**THE PROBLEM:**
Check each line of the entries. Copy the ones that contain the string "open".

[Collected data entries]

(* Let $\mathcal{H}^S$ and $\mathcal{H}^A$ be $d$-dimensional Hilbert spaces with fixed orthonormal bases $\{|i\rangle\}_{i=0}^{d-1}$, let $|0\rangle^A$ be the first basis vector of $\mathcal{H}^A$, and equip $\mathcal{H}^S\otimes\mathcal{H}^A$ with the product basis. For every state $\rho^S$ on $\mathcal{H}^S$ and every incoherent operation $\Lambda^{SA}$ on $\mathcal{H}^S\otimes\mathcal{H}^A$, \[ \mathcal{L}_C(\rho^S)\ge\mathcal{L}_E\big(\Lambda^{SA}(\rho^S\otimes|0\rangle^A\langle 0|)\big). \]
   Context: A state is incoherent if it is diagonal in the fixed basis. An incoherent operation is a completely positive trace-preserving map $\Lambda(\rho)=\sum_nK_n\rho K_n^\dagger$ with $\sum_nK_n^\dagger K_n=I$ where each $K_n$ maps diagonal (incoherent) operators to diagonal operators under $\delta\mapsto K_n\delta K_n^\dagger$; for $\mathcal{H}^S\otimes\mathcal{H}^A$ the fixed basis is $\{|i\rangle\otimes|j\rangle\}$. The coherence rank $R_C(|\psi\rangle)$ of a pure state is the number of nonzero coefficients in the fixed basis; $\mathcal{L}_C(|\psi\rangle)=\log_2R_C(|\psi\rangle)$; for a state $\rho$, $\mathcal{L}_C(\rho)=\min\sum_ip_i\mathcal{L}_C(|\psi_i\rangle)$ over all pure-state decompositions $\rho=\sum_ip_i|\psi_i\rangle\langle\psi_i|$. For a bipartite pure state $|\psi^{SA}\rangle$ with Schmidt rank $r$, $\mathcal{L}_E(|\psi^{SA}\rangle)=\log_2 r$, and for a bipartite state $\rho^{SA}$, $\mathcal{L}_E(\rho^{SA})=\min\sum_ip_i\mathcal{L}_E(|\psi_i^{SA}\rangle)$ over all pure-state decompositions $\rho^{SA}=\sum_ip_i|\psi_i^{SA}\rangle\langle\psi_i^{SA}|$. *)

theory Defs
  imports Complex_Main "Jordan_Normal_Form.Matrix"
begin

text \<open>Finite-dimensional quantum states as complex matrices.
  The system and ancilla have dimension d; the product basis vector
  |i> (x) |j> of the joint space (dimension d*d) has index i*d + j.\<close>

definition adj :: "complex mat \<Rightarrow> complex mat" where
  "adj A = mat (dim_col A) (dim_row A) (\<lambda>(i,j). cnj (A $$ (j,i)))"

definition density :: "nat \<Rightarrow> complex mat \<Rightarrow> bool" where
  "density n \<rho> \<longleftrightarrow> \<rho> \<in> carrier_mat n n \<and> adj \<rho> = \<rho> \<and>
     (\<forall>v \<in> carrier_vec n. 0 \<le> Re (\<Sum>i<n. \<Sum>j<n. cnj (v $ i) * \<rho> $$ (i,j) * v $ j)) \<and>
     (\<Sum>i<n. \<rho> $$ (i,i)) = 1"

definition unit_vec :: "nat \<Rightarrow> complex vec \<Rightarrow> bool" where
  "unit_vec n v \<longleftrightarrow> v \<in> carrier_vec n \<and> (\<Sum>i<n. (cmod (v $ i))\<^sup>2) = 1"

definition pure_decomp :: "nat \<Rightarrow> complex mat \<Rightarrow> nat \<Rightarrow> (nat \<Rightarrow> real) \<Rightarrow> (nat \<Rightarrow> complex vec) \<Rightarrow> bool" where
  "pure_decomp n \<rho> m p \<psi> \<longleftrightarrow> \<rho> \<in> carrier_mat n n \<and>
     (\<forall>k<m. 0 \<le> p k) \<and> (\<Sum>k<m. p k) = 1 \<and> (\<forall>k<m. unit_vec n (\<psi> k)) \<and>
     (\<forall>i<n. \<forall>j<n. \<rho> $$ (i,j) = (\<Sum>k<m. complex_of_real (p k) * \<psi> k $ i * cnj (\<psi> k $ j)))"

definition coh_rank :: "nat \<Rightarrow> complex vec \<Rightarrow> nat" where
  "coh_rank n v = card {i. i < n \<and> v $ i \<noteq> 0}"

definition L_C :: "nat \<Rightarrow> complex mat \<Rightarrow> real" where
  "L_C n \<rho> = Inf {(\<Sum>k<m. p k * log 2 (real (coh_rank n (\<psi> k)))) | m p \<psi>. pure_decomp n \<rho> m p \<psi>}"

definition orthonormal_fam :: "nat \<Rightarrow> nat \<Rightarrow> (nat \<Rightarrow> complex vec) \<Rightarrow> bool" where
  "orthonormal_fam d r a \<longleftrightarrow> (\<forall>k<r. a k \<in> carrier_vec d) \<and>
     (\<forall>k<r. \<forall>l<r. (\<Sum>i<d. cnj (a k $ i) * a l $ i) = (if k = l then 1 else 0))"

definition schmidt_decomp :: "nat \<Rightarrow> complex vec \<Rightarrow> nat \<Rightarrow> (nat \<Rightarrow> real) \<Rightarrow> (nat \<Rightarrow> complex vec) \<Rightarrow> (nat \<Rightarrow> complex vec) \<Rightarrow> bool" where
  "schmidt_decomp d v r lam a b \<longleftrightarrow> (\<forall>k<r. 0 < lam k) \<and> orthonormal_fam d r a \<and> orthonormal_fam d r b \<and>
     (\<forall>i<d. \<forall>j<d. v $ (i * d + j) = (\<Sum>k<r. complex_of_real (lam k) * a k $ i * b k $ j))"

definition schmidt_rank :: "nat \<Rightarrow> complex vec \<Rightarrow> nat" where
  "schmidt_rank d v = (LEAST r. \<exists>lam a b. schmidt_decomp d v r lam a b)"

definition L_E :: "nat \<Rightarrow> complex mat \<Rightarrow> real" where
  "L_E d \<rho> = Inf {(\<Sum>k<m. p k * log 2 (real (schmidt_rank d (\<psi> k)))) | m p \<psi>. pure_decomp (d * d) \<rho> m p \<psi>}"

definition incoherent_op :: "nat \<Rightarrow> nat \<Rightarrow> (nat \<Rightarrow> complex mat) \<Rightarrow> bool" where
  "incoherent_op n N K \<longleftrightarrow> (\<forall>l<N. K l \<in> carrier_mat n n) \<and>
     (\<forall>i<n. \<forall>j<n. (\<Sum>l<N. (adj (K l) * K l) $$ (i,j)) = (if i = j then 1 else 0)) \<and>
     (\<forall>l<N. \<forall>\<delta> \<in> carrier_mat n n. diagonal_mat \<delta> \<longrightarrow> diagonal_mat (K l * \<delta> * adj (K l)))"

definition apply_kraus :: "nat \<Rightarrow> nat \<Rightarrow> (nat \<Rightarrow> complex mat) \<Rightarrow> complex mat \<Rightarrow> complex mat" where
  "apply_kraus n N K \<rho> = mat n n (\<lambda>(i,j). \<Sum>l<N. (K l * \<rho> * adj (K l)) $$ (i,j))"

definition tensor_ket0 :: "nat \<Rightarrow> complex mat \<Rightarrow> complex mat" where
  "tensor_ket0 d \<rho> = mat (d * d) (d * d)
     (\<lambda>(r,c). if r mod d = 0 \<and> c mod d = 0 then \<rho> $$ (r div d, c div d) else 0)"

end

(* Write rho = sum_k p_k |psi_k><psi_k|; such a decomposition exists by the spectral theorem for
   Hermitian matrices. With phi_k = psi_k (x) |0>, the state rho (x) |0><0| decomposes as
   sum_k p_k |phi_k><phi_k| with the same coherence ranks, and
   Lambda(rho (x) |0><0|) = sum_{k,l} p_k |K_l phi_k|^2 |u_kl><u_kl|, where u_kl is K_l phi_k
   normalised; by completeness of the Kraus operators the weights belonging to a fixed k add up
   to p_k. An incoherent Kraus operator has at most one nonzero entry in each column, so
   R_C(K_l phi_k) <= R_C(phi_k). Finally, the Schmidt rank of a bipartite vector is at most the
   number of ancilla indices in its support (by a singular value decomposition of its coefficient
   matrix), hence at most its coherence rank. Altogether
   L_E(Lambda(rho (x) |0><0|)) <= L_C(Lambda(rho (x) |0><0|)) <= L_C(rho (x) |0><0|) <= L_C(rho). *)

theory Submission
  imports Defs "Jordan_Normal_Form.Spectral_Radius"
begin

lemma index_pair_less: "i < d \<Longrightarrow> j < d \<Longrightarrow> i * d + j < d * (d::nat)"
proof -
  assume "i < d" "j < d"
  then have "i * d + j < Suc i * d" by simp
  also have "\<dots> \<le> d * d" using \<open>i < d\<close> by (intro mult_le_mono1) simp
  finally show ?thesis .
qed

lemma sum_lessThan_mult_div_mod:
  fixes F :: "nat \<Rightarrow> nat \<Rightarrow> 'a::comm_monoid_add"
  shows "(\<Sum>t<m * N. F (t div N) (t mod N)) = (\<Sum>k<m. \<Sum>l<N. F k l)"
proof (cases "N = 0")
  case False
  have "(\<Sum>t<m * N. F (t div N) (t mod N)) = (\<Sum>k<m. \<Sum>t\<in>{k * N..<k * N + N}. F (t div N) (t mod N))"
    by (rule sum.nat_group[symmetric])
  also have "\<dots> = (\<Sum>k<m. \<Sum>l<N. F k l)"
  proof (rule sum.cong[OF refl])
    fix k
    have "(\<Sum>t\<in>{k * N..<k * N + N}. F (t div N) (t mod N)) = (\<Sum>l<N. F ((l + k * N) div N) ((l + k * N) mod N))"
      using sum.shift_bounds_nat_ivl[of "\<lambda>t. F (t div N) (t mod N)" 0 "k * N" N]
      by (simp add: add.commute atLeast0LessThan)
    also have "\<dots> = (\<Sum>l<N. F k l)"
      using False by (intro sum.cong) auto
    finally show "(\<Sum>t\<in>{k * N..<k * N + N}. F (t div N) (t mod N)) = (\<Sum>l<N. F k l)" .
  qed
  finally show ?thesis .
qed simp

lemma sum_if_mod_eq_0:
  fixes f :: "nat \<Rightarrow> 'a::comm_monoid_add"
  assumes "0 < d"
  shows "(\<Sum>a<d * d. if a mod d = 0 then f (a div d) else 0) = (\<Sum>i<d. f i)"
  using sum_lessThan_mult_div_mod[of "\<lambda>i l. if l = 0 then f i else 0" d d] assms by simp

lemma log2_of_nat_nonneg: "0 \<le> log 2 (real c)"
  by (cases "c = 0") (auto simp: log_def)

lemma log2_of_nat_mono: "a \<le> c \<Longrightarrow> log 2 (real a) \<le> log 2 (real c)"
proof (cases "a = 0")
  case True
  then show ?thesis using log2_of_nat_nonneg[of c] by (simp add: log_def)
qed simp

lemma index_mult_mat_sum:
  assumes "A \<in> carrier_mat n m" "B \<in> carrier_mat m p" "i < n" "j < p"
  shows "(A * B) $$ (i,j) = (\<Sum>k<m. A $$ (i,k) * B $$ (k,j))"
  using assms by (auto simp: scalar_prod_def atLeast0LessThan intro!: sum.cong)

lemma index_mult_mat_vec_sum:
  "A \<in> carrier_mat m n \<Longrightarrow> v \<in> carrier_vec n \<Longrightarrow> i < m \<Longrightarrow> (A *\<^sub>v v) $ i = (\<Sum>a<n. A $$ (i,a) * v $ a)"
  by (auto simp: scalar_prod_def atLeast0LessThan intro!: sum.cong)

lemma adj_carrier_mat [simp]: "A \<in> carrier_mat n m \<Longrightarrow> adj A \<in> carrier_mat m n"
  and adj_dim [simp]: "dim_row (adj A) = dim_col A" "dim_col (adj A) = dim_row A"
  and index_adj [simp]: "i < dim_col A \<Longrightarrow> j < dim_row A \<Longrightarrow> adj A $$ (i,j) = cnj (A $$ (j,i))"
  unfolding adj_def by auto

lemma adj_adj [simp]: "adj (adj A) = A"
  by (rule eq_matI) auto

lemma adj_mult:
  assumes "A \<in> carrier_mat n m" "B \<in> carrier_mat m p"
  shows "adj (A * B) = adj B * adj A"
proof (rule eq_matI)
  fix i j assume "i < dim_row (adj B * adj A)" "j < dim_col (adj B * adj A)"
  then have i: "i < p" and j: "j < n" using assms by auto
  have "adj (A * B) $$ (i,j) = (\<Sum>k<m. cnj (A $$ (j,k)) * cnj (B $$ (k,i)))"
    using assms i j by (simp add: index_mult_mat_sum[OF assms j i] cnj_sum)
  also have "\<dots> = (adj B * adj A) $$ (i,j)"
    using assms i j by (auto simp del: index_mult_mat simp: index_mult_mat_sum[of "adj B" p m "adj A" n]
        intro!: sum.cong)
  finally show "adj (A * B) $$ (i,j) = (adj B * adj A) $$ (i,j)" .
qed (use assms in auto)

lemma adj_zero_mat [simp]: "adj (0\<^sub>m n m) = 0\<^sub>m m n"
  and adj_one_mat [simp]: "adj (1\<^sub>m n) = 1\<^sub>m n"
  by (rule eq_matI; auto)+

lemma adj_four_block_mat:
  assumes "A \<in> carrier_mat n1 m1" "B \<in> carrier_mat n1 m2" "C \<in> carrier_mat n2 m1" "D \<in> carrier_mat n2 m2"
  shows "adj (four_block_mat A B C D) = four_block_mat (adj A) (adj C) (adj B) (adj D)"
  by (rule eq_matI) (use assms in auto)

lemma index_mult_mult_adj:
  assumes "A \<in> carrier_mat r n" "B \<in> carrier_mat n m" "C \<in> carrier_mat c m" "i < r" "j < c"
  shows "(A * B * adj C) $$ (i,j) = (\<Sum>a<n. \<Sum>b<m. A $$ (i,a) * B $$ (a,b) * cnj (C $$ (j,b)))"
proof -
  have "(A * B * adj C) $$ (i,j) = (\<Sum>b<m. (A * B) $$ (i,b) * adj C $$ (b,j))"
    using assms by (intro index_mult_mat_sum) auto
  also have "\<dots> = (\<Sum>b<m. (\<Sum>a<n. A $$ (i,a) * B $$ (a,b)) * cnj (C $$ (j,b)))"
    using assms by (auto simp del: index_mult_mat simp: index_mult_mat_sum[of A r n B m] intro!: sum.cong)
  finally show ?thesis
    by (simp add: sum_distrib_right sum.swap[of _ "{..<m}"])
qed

**WRITTEN SOLUTION:**
text \<open>Finite-dimensional quantum states as complex matrices.
  also have "\<dots> \<le> d * d" using \<open>i < d\<close> by (intro mult_le_mono1) simp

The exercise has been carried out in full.